Database Table design. It is not best to have only the most suitable (adjacent table, Path Enumeration, nested set, closure table), enumeration packet table
When designing a database, do we break through the general rules and find the most suitable design scheme? The following is an example: A parent_id field will be added to the commonly used adjacent table design, for example, the region table (country, province, city, district ):
CREATE TABLE Area ([id] [int] NOT NULL,[name] [nvarchar] (50) NULL,[parent_id] [int] NULL,[type] [int] NULL );
Name: name of the region, parent_id is the parent ID, Province parent ID is the country, city parent ID is the province, and so on. Type is the class of the region: 1: country, 2: province, 3: City, 4: The level is determined, so there is no problem in designing the table, it is convenient to call. However, this design method does not meet all requirements. When we are not sure about the hierarchy, let's assume that I have the following comment structure: record the comment data (comments table) in the adjacent table ):
Comment_id |
Parent_id |
Author |
Comment |
1 |
0 |
James |
I don't quite agree with this point of view |
2 |
1 |
Xiao Zhang |
I do not agree. |
3 |
2 |
Xiaohong |
I agree upstairs |
4 |
1 |
Xiaoquan |
Why do you disagree? |
5 |
4 |
James |
I have encountered this situation before. |
6 |
5 |
Xiao Zhang |
That doesn't mean you are right. |
7 |
5 |
Xiaoxin |
This depends on the situation. |
No one found that it is difficult to query all the descendants of a node in this design table. You can use association query to obtain a comment and its descendants:
SELECT c1.*, c2.* FROM comments c1 LEFT OUTER JOIN comments c2 ON c2.parent_id = c1.comment_id;
However, this query can only obtain two layers of data. The feature of this tree is that it can be expanded in any depth. You need to have corresponding methods to obtain its deep data. For example, you may need to calculate the number of comment branches or the total overhead of a mechanical device. In some cases, the use of an adjacent table in a project applies. The advantage of the adjacent table design is that it can quickly obtain the direct parent and child nodes of a given node, and it is easy to insert new nodes. If you want to perform all operations on the layered data in your project, you can use the adjacent table. There are several solutions to the above tree model: Path Enumeration, Nested Sets, and closure tables. These solutions usually look much more complex than the neighboring tables, but they do make some operations that use the adjacent tables more complex or inefficient. If your project does need to provide these operations, these designs will be a better choice for the adjacent tables. I. path Enumeration in the comments table, we use the path FIELD OF THE varchar type to replace the original parent_id field. The content stored in this path field is the sequence from the top-level ancestor of the current node to its own.
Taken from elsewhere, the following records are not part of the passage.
(* Let $H^2\times H^2$ carry the product metric $\rho(\mathsf z,\mathsf w)=\sqrt{d_H(z_1,w_1)^2+d_H(z_2,w_2)^2}$, and for $\mathsf z,\mathsf w\in H^2\times H^2$ let $E(\mathsf z,\mathsf w)=\{\mathsf x: \rho(\mathsf x,\mathsf z)=\rho(\mathsf x,\mathsf w)\}$. For distinct $z,w\in H^2$ and $k\in\mathbb R$ let $S_k(z,w)=\{x\in H^2: d_H(x,z)^2-d_H(x,w)^2=k\}$, and for $\mathsf z=(z_1,z_2)$, $\mathsf w=(w_1,w_2)$ with $z_i\neq w_i$ let $E_k(\mathsf z,\mathsf w)=S_k(z_1,w_1)\times S_k(w_2,z_2)$; the spine of $E(\mathsf z,\mathsf w)$ is $E_0(\mathsf z,\mathsf w)$. For an isometry $\gamma$ of $H^2\times H^2$ and $\mathsf x\in H^2\times H^2$, a point $\mathsf y$ is called $\gamma$-visible to $\mathsf x$ if $\rho(\mathsf y,\mathsf x)\le\rho(\mathsf y,\gamma(\mathsf x))$ and $\rho(\mathsf y,\mathsf x)\le \rho(\mathsf y,\gamma^{-1}(\mathsf x))$, and $\gamma$-invisible otherwise; a set is $\gamma$-invisible to $\mathsf x$ if each of its points is. Let $\mathsf x,\mathsf y\in H^2\times H^2$ (with distinct coordinates, so that the spine is defined) and let $\gamma$ be an isometry of $H^2\times H^2$. Suppose $E(\mathsf x,\mathsf y)\cap E(\mathsf x,\gamma(\mathsf x))=\emptyset$ and $E(\mathsf x,\mathsf y)\cap E(\mathsf x,\gamma^{-1}(\mathsf x))=\emptyset$. Then $E(\mathsf x,\mathsf y)$ is $\gamma$-invisible to $\mathsf x$ if and only if the spine $E_0(\mathsf x,\mathsf y)$ is $\gamma$-invisible to $\mathsf x$.
   Context: $d_H$ is the hyperbolic distance on the hyperbolic plane $H^2$. *)

theory Defs
  imports "HOL-Analysis.Analysis"
begin

definition H2 :: "complex set" where
  "H2 = {z. Im z > 0}"

definition dH :: "complex \<Rightarrow> complex \<Rightarrow> real" where
  "dH z w = arcosh (1 + (cmod (z - w))^2 / (2 * Im z * Im w))"

definition HH :: "(complex \<times> complex) set" where
  "HH = H2 \<times> H2"

definition rho :: "complex \<times> complex \<Rightarrow> complex \<times> complex \<Rightarrow> real" where
  "rho z w = sqrt ((dH (fst z) (fst w))^2 + (dH (snd z) (snd w))^2)"

definition bisector :: "complex \<times> complex \<Rightarrow> complex \<times> complex \<Rightarrow> (complex \<times> complex) set" where
  "bisector z w = {x \<in> HH. rho x z = rho x w}"

definition Sk :: "real \<Rightarrow> complex \<Rightarrow> complex \<Rightarrow> complex set" where
  "Sk k z w = {x \<in> H2. (dH x z)^2 - (dH x w)^2 = k}"
(* Let $f(x_1)=c_0+c_1x_1+\cdots+c_dx_1^d\in\mathbb{C}[x_1]$ with $d\ge1$, $|c_i|\le1$ for all $i$, and $|c_0|=|c_d|=1$. Then $\mathrm{ArchNewt}(f)$ has exactly one lower edge, this edge is horizontal, $\mathrm{ArchTrop}(f)=\{0\}$, and $$\sup_{\sigma\in\mathrm{ArchTrop}(f)}\ \inf_{\rho\in\mathrm{Amoeba}(f)}|\rho-\sigma|\le\log\frac{\sqrt5+1}{2}<0.482.$$ Moreover, equality is attained for $f(x_1)=x_1^2-x_1-1$.
   Context: For $f(x_1)=\sum_ic_ix_1^{a_i}$ (only terms with $c_i\neq0$ counted), $\mathrm{ArchNewt}(f)=\mathrm{Conv}\{(a_i,-\log|c_i|): c_i\ne0\}\subset\mathbb{R}^2$; a lower edge is an edge having an outer normal of the form $(v,-1)$. $\mathrm{ArchTrop}(f)$ is the set of $v\in\mathbb{R}$ such that $(v,-1)$ is an outer normal of an edge of $\mathrm{ArchNewt}(f)$ (i.e. the set of slopes of lower edges). $\mathrm{Amoeba}(f)=\{\log|\zeta|:\zeta\in\mathbb{C}^*, f(\zeta)=0\}$. *)

theory Defs
  imports "HOL-Analysis.Analysis" "HOL-Computational_Algebra.Polynomial"
begin

definition ArchNewt :: "complex poly \<Rightarrow> (real \<times> real) set" where
  "ArchNewt f = convex hull {(real i, - ln (cmod (coeff f i))) | i. coeff f i \<noteq> 0}"

definition outer_normal :: "(real \<times> real) set \<Rightarrow> (real \<times> real) set \<Rightarrow> real \<times> real \<Rightarrow> bool" where
  "outer_normal P E w \<longleftrightarrow> E = {x \<in> P. \<forall>y\<in>P. w \<bullet> y \<le> w \<bullet> x}"

definition is_edge :: "(real \<times> real) set \<Rightarrow> (real \<times> real) set \<Rightarrow> bool" where
  "is_edge P E \<longleftrightarrow> E face_of P \<and> aff_dim E = 1"

definition lower_edge :: "(real \<times> real) set \<Rightarrow> (real \<times> real) set \<Rightarrow> bool" where
  "lower_edge P E \<longleftrightarrow> is_edge P E \<and> (\<exists>v. outer_normal P E (v, -1))"

definition horizontal :: "(real \<times> real) set \<Rightarrow> bool" where
  "horizontal E \<longleftrightarrow> (\<forall>x\<in>E. \<forall>y\<in>E. snd x = snd y)"

definition ArchTrop :: "complex poly \<Rightarrow> real set" where
  "ArchTrop f = {v. \<exists>E. is_edge (ArchNewt f) E \<and> outer_normal (ArchNewt f) E (v, -1)}"

definition Amoeba :: "complex poly \<Rightarrow> real set" where
  "Amoeba f = {ln (cmod z) | z. z \<noteq> 0 \<and> poly f z = 0}"

end

theory Submission
  imports Defs "HOL-Computational_Algebra.Fundamental_Theorem_Algebra"
begin

text \<open>
  The coefficient bounds put the Newton polygon into the strip \<open>[0, d] \<times> [0, \<infinity>)\<close> and the
  conditions \<open>|c_0| = |c_d| = 1\<close> put \<open>(0, 0)\<close> and \<open>(d, 0)\<close> into it, so the bottom segment is the
  only lower edge, with slope \<open>0\<close>.

  For the amoeba, replacing a linear factor \<open>x - z\<close> of \<open>f\<close> by \<open>cnj z * x - 1\<close> does not change
  the sum of the squared moduli of the coefficients. Doing this for every root outside the unit
  disc produces a polynomial whose extreme coefficients have moduli \<open>M = \<Prod> max 1 |z|\<close> and
  \<open>m = \<Prod> min 1 |z|\<close>, hence \<open>M\<^sup>2 + m\<^sup>2 \<le> d + 1\<close>, while \<open>M m = |c_0 / c_d| = 1\<close>. If every root
  satisfied \<open>|log |z|| > log \<phi>\<close> for the golden ratio \<open>\<phi>\<close>, then \<open>t = M / m = M\<^sup>2 > \<phi>\<^sup>d\<close> and
  \<open>t + 1/t > \<phi>\<^sup>d + \<phi>\<^sup>-\<^sup>d \<ge> d + 1\<close>, a contradiction. For \<open>x\<^sup>2 - x - 1\<close> the roots are \<open>\<phi>\<close> and \<open>-1/\<phi>\<close>.
\<close>

section \<open>Newton polygons in a strip\<close>

lemma inner_real_pair: "((v::real), (w::real)) \<bullet> x = v * fst x + w * snd x"
  by (cases x) simp

lemma closed_segment_on_first_axis:
  fixes a :: real assumes "0 < a"
  shows "closed_segment (0, 0) (a, 0::real) = {x. 0 \<le> fst x \<and> fst x \<le> a \<and> snd x = 0}"
proof -
  have mem: "(s, t) \<in> closed_segment (0, 0) (a, 0) \<longleftrightarrow> 0 \<le> s \<and> s \<le> a \<and> t = 0" for s t :: real
  proof
    assume "(s, t) \<in> closed_segment (0, 0) (a, 0)"
    then have "s \<in> closed_segment 0 a" "t \<in> closed_segment 0 0"
      by (auto dest: closed_segment_PairD)
    then show "0 \<le> s \<and> s \<le> a \<and> t = 0"
      using assms by (auto simp: closed_segment_eq_real_ivl)
  next
    assume "0 \<le> s \<and> s \<le> a \<and> t = 0"
    then show "(s, t) \<in> closed_segment (0, 0) (a, 0)"
      using assms unfolding closed_segment_def by (auto intro!: exI[of _ "s / a"])
  qed
  show ?thesis by (auto simp: mem)
qed

locale polygon_in_strip =
  fixes P :: "(real \<times> real) set" and a :: real
  assumes convex: "convex P" and width_pos: "0 < a"
    and origin_mem: "(0, 0) \<in> P" and corner_mem: "(a, 0) \<in> P"
    and subset_strip: "P \<subseteq> {0..a} \<times> {0..}"
begin

lemma mem_strip: "x \<in> P \<Longrightarrow> 0 \<le> fst x \<and> fst x \<le> a \<and> 0 \<le> snd x"
  using subset_strip by auto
Just like a UNIX path, you can even use '/' as the path separator.
Comment_id |
Path |
Author |
Comment |
1 |
1 |
James |
I don't quite agree with this point of view |
2 |
1/2 |
Xiao Zhang |
I do not agree. |
3 |
1/2/3 |
Xiaohong |
I agree upstairs |
4 |
1/4 |
Xiaoquan |
Why do you disagree? |
5 |
1/4/5 |
James |
I have encountered this situation before. |
6 |
1/4/5/6 |
Xiao Zhang |
That doesn't mean you are right. |
7 |
1/4/5/7 |
Xiaoxin |
This depends on the situation. |
You can query a node ancestor by comparing the paths of each node. For example, to find comment #7, the path is the ancestor of 1/4/5/7, you can do this:
SELECT * FROM comments AS c WHERE '1/4/5/7' LIKE c.path || '%' ;
The query statement matches the nodes with the paths 1/4/5/%, 1/4/%, and 1/%. These nodes are the ancestor of comment #7. You can also query all the descendants of a given node by swapping the parameters on both sides of the LIKE keyword. For example, to query comments #4 and all descendants whose path is '123', you can use the following statement:
SELECT * FROM comemnts AS c WHERE c.path LIKE '1/4' || '%' ;
The following background paths can be found in the query statement: 1/4/5, 1/4/5/6, and 1/4/5/7. Once you can easily obtain a subtree or a path from a descendant node to an ancestor node, you can easily implement more queries, for example, you can query the sum of values on all nodes of a subtree. Inserting a node can be as simple as using an adjacent table. All you need to do is copy the Father's Day path of the node to be inserted and append the ID of the new node to the end of the path. Path Enumeration also has some disadvantages. For example, the database cannot ensure that the path format is always correct or that the nodes in the path do exist. It depends on the logic code of the application program to maintain the path string, and it is costly to verify the correctness of the string. No matter how large the varchar length is, the length limit still exists. Therefore, the tree structure cannot be infinitely expanded.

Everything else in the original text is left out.